Since I had stable hardware and the processing power, I started bolting things on.

  • The OLED: I added a 1.3-inch OLED screen to give me visual feedback.
  • The Mute Click: I programmed the encoder buttons to act as mutes. Press a knob, and it instantly drops the channel to 0 and displays [MUTED] on the screen.
  • The Clock: When I’m not adjusting the volume, the screen shouldn’t just be static. I hooked the ESP32 up to my WiFi to pull the time from an NTP server. Now, after one second of inactivity, the screen smoothly snaps back to a bold, full-screen digital clock with the current date.
  • Capacitive Touch Buttons: Adds even more possibilities.
  • The Control Mode: With a press of a button, the volume knobs turn into zoom, horizontal scroll, and vertical scroll, making my life in 3D workflows a tiny bit easier.

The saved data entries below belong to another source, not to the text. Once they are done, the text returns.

lemma mat_image_block_diag:
  assumes "mat_app T k k ` vecs k = vecs k"
  shows "mat_image (block_diag k T D) (k + a) (k + b) = (\<lambda>(v, w). vec_join k v w) ` (vecs k \<times> mat_image D a b)"
proof
  show "mat_image (block_diag k T D) (k + a) (k + b) \<subseteq> (\<lambda>(v, w). vec_join k v w) ` (vecs k \<times> mat_image D a b)"
  proof
    fix y assume "y \<in> mat_image (block_diag k T D) (k + a) (k + b)"
    then obtain v where v: "v \<in> vecs (k + b)" "y = mat_app (block_diag k T D) (k + a) (k + b) v"
      by (auto simp: mat_image_def)
    have "(\<lambda>j. v (j + k)) \<in> vecs b" using v(1) by (auto simp: vecs_def)
    then show "y \<in> (\<lambda>(v, w). vec_join k v w) ` (vecs k \<times> mat_image D a b)"
      unfolding v(2) mat_app_block_diag
      by (intro image_eqI[where x="(mat_app T k k (\<lambda>j. if j < k then v j else 0), mat_app D a b (\<lambda>j. v (j + k)))"])
        (auto simp: mat_image_def mat_app_in_vecs)
  qed
  show "(\<lambda>(v, w). vec_join k v w) ` (vecs k \<times> mat_image D a b) \<subseteq> mat_image (block_diag k T D) (k + a) (k + b)"
  proof clarify
    fix w1 w2 :: "nat \<Rightarrow> 'a" assume "w1 \<in> vecs k" "w2 \<in> mat_image D a b"
    obtain v1 where v1: "v1 \<in> vecs k" "w1 = mat_app T k k v1"
      using assms \<open>w1 \<in> vecs k\<close> by (metis imageE)
    obtain v2 where v2: "v2 \<in> vecs b" "w2 = mat_app D a b v2"
      using \<open>w2 \<in> mat_image D a b\<close> unfolding mat_image_def by blast
    have "vec_join k v1 v2 \<in> vecs (k + b)" using v2(1) by (auto simp: vecs_def vec_join_def)
    moreover have "(\<lambda>j. if j < k then vec_join k v1 v2 j else 0) = v1"
      using v1(1) by (auto simp: vecs_def vec_join_def fun_eq_iff)
    moreover have "(\<lambda>j. vec_join k v1 v2 (j + k)) = v2" by (simp add: vec_join_def)
    ultimately show "vec_join k w1 w2 \<in> mat_image (block_diag k T D) (k + a) (k + b)"
      unfolding mat_image_def v1(2) v2(2)
      by (intro image_eqI[OF _ \<open>vec_join k v1 v2 \<in> vecs (k + b)\<close>]) (simp only: mat_app_block_diag)
  qed
qed

lemma card_mat_image_block_diag:
  fixes T D :: "nat \<Rightarrow> nat \<Rightarrow> 'a::{finite,field}"
  assumes "inj_on (mat_app T k k) (vecs k)"
  shows "card (mat_image (block_diag k T D) (k + a) (k + b)) = card (UNIV :: 'a set) ^ k * card (mat_image D a b)"
proof -
  have "inj_on (\<lambda>(v, w). vec_join k v w) ((vecs k :: (nat \<Rightarrow> 'a) set) \<times> mat_image D a b)"
  proof (rule inj_onI, clarify)
    fix v w v' w' :: "nat \<Rightarrow> 'a"
    assume "v \<in> vecs k" "v' \<in> vecs k" and eq: "vec_join k v w = vec_join k v' w'"
    have "v i = v' i" for i
      using fun_cong[OF eq, of i] \<open>v \<in> vecs k\<close> \<open>v' \<in> vecs k\<close>
      by (cases "i < k") (auto simp: vec_join_def vecs_def)
    moreover have "w i = w' i" for i using fun_cong[OF eq, of "i + k"] by (simp add: vec_join_def)
    ultimately show "v = v' \<and> w = w'" by auto
  qed
  then have "card (mat_image (block_diag k T D) (k + a) (k + b)) =
      card ((vecs k :: (nat \<Rightarrow> 'a) set) \<times> mat_image D a b)"
    unfolding mat_image_block_diag[OF mat_app_square_surj[OF assms]] by (simp add: card_image)
  then show ?thesis by (simp add: card_cartesian_product card_vecs)
qed

lemma mat_image_zero:
  assumes "\<And>i j. i < a \<Longrightarrow> j < b \<Longrightarrow> M i j = 0"
  shows "mat_image M a b = {\<lambda>_. 0}"
proof -
  have "mat_app M a b v = (\<lambda>_. 0)" for v using assms by (auto simp: mat_app_def fun_eq_iff)
  moreover have "(\<lambda>_. 0) \<in> vecs b" by (simp add: vecs_def)
  ultimately show ?thesis unfolding mat_image_def by auto
qed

Chapter 5: The Ultimate Hack (VSPE + Python)

With the hardware packed into a little cardboard box, it was time to make the software.

As I wanted to also include the control mode, I still had to figure out how to make that work with deej. But deej only understands volume. It strictly expects a format like 512|1023|0|800, and I needed to send another identifier to know the mode.

So, I built a middleware layer. I set up a Virtual Serial Port Emulator (VSPE). Instead of the ESP32 talking directly to deej, it talks to a Python script. It reads the mode and the knob states, then parses them into deej’s language and sends them to deej via a Virtual Serial Port. That same script also takes over when I switch to control mode. It uses the pynput library to emulate the HID device and gives me those scrolling and zooming functions.

Now, at the press of a button, I can go from adjusting volume to scrolling and zooming, and it is an absolute game-changer for anything 3D. CAD feels so much better.

What’s Next?

Right now, the whole contraption is living in a cardboard box on my desk. It looks like a science fair project, but it functions flawlessly. I can see the time, adjust my volume without crashing my PC, and switch modes to zoom around my CAD software.

The next step? Firing up Fusion, designing some knobs, and a case.

I will someday machine some aluminum knobs and make an enclosure out of wood. Until that day, the cardboard should do.